*** Opening of Source information ***

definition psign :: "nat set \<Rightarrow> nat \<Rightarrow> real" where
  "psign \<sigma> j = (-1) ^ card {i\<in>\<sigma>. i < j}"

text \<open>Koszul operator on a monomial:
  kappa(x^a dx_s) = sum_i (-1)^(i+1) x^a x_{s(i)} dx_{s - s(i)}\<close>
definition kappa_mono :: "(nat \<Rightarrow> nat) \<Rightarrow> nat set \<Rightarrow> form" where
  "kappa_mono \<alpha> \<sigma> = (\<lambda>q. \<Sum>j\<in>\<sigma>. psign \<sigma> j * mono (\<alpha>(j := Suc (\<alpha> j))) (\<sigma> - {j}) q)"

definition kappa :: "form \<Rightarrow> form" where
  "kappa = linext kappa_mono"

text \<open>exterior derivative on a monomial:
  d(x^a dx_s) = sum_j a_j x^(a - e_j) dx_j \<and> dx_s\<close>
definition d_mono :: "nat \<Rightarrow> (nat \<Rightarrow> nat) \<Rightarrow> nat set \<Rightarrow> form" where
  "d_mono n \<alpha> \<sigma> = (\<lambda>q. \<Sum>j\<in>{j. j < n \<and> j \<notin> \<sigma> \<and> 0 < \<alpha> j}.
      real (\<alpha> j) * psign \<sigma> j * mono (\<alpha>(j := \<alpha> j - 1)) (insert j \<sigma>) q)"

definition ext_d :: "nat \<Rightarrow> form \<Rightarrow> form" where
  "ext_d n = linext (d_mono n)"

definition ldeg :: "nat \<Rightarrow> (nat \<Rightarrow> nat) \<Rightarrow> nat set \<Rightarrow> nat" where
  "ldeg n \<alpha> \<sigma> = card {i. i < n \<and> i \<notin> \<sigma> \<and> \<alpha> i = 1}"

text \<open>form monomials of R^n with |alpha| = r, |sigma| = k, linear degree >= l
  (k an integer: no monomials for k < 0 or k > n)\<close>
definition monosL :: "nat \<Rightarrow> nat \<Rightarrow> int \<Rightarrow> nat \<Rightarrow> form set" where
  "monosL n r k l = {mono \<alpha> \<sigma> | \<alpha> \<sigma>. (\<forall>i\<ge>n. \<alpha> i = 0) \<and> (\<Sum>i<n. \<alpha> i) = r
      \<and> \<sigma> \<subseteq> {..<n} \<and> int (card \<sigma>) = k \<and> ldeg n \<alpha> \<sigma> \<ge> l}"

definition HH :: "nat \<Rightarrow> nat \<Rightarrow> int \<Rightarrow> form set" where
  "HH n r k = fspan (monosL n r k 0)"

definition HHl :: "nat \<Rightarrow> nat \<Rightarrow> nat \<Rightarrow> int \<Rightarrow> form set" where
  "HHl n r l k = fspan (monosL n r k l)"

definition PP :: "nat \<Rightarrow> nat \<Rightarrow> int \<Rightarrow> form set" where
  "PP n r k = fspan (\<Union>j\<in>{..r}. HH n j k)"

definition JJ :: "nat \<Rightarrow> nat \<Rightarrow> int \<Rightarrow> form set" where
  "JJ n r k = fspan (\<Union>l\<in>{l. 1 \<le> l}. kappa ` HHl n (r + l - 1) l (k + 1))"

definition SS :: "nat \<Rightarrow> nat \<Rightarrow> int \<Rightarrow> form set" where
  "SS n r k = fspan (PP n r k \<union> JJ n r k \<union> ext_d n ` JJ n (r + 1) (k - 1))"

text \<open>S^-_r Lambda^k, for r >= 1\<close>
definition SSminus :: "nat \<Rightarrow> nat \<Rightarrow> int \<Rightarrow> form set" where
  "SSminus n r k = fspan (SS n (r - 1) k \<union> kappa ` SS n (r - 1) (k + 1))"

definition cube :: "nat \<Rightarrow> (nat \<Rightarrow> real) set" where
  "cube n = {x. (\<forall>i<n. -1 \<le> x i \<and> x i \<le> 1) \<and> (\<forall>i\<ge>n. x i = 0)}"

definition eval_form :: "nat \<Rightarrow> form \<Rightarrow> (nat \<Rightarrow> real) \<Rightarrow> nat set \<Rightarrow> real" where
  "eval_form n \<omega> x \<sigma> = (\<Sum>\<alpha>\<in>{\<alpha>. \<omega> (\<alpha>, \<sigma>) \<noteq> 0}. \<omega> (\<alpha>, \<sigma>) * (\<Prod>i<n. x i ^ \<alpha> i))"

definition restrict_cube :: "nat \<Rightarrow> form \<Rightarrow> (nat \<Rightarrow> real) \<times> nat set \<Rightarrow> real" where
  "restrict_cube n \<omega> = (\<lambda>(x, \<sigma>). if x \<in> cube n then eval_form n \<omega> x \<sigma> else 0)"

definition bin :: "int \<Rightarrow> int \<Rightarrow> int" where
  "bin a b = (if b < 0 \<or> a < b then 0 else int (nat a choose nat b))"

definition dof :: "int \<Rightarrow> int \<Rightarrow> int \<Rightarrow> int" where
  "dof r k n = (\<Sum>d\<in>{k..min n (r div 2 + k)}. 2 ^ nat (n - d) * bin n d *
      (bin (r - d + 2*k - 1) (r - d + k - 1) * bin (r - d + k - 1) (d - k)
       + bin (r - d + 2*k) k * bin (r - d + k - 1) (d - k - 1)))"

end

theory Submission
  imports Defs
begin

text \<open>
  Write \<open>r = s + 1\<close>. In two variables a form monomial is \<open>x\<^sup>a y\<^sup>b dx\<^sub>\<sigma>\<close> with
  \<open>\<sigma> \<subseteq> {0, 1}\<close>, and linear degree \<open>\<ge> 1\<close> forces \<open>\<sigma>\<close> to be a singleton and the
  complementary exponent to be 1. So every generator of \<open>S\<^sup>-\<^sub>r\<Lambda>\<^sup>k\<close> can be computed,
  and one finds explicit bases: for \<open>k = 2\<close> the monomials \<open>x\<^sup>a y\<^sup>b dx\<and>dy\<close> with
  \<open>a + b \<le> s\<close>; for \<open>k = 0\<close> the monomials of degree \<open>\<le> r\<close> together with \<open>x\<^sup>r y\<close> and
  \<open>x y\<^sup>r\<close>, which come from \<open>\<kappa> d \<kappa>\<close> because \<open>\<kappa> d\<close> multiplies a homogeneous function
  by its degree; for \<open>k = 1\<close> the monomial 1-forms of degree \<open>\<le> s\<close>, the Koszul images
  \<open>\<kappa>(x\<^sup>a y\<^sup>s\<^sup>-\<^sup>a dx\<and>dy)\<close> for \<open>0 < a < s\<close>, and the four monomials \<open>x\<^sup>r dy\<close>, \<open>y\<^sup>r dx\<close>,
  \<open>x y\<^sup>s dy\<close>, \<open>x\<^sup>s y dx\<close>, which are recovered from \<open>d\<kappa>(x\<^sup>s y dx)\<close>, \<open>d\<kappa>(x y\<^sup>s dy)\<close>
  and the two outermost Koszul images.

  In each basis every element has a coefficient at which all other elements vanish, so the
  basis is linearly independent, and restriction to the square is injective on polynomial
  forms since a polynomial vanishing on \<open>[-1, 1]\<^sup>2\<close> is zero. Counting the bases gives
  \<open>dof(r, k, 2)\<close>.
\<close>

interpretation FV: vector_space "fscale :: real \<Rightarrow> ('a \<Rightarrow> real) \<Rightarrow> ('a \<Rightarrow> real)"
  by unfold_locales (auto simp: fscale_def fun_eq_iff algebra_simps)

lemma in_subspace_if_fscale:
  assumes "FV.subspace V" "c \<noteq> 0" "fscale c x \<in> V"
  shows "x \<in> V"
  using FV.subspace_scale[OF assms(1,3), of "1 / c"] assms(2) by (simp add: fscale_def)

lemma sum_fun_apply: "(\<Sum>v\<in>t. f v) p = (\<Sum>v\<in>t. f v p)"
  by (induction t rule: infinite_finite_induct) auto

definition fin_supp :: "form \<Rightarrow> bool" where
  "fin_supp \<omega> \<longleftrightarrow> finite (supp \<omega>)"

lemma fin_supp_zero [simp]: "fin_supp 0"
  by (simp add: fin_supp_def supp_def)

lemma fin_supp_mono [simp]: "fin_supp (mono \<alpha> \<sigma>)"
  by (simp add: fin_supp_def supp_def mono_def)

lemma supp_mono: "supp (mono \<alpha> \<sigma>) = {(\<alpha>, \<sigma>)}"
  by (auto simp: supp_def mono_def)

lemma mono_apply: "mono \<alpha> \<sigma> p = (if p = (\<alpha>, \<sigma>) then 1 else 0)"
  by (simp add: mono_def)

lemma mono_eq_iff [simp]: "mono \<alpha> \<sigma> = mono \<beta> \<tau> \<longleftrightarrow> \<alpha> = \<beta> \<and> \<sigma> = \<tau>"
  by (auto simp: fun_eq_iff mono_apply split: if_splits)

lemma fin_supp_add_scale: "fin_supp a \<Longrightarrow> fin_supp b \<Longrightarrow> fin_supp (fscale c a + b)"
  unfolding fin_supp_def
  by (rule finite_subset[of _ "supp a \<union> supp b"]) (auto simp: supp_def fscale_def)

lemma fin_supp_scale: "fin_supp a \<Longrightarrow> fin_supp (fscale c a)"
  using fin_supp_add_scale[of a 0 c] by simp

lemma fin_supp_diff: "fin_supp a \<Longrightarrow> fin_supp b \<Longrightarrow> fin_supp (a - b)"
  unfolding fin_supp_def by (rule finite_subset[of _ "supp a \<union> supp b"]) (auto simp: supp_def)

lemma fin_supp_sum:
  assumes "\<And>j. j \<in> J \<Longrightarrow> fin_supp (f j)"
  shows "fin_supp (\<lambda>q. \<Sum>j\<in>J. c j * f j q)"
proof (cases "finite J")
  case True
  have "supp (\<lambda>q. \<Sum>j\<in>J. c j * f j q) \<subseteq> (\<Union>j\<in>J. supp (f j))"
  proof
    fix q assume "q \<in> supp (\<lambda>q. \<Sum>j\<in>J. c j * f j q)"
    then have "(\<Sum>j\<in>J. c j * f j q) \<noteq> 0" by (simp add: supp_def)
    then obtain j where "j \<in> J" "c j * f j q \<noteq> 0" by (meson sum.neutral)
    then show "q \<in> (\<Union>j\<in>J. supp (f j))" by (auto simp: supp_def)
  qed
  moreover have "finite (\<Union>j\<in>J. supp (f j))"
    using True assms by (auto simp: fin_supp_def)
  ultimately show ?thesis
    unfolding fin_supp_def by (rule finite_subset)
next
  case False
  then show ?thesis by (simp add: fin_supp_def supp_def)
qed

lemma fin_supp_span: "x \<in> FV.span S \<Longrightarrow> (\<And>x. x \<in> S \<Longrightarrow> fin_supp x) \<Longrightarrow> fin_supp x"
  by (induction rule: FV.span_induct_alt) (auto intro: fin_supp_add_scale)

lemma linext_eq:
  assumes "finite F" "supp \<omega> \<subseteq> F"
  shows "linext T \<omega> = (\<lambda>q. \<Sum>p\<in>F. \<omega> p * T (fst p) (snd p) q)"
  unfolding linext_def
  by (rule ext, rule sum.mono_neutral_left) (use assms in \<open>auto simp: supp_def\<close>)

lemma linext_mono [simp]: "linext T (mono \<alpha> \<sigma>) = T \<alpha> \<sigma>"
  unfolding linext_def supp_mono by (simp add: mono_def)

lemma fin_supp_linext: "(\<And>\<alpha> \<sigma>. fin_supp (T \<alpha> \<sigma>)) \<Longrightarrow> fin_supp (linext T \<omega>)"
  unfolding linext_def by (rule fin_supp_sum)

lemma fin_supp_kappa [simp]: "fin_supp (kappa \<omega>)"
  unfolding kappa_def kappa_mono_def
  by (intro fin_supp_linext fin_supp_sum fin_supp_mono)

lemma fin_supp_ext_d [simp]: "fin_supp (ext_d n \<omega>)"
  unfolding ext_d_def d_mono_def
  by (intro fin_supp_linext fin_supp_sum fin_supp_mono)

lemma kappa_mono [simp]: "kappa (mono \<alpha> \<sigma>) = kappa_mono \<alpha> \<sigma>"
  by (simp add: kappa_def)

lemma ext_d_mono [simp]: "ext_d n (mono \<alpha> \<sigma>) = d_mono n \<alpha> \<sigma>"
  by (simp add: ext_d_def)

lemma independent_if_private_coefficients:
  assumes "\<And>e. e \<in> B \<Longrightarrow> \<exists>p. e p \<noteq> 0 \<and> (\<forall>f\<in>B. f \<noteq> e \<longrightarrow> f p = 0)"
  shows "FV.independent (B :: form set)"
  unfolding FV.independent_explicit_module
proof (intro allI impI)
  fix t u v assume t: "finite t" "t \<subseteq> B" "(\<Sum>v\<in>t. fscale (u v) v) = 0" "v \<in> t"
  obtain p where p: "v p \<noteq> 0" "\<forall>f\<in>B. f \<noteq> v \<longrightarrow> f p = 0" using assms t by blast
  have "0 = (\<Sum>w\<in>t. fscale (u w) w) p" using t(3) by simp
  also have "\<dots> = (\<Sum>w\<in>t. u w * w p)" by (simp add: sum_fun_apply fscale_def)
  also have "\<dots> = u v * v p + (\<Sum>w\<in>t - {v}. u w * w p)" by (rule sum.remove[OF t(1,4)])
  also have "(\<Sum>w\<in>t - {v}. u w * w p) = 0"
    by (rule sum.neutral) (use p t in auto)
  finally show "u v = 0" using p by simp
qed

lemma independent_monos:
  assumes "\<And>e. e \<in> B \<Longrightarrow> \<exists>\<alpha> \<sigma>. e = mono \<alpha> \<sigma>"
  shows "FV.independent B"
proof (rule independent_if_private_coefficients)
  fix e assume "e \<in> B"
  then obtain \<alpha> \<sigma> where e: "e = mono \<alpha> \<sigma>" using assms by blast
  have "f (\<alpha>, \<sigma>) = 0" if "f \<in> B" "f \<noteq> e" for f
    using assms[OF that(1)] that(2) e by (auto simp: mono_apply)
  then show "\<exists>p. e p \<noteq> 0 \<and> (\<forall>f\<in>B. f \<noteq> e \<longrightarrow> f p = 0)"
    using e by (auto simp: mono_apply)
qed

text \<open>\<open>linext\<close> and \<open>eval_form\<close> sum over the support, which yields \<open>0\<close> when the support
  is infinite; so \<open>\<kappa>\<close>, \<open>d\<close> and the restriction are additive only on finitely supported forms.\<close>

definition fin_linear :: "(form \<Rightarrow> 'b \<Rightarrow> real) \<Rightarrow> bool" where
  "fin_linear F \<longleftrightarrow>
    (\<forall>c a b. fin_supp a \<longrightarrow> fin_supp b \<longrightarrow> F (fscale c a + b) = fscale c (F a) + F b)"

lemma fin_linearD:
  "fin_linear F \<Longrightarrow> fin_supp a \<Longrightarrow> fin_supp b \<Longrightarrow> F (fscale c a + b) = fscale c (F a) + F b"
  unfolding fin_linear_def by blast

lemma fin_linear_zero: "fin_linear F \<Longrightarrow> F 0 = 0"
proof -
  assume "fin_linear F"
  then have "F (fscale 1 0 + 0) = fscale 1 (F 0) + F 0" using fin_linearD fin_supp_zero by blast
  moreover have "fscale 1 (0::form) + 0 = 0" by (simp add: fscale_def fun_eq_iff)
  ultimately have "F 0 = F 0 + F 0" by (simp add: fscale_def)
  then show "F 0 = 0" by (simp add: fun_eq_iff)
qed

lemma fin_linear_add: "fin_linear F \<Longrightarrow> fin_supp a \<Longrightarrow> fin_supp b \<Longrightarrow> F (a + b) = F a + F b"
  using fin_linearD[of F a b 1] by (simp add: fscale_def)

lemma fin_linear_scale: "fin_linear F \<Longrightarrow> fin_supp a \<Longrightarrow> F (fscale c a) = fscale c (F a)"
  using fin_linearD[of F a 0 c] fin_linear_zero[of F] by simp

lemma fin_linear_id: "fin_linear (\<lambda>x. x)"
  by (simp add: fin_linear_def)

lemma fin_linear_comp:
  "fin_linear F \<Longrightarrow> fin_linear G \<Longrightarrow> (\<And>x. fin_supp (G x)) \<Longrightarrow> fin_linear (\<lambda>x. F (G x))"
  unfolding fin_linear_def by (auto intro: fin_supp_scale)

*** Close of Source information ***
*** Opening of Source information ***

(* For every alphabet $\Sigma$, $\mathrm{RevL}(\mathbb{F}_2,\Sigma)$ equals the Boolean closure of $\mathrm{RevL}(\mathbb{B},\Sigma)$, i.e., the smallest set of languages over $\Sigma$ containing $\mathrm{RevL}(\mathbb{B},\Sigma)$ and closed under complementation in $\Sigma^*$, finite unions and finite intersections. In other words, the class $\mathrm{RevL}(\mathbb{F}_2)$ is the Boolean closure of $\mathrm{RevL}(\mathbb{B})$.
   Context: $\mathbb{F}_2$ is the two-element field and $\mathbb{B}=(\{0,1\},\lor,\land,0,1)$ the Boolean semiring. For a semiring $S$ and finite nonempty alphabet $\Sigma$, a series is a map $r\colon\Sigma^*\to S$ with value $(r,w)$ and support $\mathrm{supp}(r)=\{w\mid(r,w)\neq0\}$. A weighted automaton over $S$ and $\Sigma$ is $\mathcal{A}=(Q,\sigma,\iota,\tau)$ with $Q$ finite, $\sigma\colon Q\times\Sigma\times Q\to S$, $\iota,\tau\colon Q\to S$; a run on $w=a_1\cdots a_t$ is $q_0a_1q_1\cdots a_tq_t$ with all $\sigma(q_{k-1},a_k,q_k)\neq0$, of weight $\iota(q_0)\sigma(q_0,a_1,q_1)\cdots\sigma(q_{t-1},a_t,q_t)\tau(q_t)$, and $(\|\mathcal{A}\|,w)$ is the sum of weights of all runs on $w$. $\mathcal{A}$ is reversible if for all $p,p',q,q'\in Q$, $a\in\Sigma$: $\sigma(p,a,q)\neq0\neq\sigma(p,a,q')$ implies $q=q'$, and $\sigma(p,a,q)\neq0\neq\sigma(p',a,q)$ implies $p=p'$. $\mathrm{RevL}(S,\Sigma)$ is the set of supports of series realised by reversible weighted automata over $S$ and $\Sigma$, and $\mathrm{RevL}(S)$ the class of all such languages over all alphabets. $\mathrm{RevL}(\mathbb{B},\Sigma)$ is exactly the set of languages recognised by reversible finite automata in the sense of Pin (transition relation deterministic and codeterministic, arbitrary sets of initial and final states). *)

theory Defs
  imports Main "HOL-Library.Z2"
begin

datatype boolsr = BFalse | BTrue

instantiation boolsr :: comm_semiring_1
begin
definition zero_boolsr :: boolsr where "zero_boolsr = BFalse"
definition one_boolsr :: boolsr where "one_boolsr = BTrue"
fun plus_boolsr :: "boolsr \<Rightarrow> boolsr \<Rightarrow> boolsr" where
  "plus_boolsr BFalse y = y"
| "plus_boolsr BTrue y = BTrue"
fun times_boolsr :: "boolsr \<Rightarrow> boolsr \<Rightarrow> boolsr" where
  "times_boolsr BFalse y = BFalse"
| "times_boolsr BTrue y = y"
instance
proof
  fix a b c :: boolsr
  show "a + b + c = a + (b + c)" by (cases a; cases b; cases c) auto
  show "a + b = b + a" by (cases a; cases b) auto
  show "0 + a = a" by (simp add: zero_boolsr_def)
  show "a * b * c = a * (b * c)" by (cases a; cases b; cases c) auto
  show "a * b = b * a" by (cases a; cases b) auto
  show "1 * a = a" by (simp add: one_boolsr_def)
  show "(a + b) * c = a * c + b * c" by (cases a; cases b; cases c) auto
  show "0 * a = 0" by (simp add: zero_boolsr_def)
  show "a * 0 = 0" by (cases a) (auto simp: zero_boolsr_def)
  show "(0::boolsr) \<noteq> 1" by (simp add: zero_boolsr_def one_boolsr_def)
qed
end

*** Close of Source information ***
*** Opening of Source information ***

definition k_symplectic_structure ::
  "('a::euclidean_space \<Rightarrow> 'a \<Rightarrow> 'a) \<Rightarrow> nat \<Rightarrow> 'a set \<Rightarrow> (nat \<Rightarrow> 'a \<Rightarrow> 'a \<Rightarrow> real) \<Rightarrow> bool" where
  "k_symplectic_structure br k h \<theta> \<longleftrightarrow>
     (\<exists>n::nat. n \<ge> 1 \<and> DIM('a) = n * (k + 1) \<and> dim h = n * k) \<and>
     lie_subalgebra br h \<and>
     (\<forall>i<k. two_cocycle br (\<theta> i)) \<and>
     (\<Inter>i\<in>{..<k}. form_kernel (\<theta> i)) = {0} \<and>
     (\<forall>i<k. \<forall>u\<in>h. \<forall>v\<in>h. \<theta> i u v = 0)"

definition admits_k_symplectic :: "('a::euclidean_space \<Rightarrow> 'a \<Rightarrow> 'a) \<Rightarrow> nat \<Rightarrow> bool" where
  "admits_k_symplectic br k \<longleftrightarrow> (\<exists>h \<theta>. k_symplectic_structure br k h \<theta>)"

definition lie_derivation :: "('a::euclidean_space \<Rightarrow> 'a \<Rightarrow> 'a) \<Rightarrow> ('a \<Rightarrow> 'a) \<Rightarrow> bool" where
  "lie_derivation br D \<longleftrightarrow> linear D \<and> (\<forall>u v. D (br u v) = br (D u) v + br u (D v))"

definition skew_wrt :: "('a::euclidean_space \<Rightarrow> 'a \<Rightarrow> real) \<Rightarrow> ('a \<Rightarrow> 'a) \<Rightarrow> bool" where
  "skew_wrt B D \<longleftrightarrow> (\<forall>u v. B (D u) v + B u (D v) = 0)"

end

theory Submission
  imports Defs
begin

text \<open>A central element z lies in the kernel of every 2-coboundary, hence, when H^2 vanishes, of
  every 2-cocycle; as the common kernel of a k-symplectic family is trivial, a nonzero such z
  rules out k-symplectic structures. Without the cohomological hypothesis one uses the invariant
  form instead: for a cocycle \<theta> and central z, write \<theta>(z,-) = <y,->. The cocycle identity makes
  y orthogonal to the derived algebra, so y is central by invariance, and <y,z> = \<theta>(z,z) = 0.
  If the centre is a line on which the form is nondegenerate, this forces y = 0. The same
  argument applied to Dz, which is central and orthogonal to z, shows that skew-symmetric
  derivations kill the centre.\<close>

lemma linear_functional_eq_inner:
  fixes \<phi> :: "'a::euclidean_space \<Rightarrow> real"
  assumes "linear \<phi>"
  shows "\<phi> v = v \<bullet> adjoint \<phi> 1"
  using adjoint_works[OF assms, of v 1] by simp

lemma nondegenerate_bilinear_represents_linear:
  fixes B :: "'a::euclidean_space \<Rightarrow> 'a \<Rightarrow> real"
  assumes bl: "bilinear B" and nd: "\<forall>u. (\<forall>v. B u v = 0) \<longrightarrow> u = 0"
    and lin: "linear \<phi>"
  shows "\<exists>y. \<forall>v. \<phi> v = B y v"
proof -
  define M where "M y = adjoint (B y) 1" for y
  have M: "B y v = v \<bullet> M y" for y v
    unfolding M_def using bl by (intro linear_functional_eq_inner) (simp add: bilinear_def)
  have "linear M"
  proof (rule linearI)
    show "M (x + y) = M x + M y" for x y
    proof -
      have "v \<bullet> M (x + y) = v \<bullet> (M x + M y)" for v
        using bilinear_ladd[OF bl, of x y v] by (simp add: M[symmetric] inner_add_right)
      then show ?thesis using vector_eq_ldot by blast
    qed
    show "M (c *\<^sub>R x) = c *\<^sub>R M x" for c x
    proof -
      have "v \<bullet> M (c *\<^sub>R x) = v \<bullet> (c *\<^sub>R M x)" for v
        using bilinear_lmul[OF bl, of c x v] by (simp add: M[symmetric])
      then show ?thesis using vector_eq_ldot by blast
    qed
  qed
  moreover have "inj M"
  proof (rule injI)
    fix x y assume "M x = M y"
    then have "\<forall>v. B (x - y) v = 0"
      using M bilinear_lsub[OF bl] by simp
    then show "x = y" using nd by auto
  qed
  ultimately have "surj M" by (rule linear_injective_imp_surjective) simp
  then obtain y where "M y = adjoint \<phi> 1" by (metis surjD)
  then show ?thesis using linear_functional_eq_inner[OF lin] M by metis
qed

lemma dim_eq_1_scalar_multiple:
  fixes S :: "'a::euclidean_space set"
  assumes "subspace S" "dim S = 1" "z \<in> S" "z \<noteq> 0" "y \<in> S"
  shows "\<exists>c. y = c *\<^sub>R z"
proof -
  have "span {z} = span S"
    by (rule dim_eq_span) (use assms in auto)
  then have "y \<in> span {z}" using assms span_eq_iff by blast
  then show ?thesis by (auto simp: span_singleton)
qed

*** Close of Source information ***

#### About this exercise:
Begin at the line that has "text \<open>form monomials" in the entries above; stop after the line that has "int (card \<sigma>)". Transcribe exactly those lines and no others.

#### Finished exercise:
text \<open>form monomials of R^n with |alpha| = r, |sigma| = k, linear degree >= l
  (k an integer: no monomials for k < 0 or k > n)\<close>
definition monosL :: "nat \<Rightarrow> nat \<Rightarrow> int \<Rightarrow> nat \<Rightarrow> form set" where
  "monosL n r k l = {mono \<alpha> \<sigma> | \<alpha> \<sigma>. (\<forall>i\<ge>n. \<alpha> i = 0) \<and> (\<Sum>i<n. \<alpha> i) = r
      \<and> \<sigma> \<subseteq> {..<n} \<and> int (card \<sigma>) = k \<and> ldeg n \<alpha> \<sigma> \<ge> l}"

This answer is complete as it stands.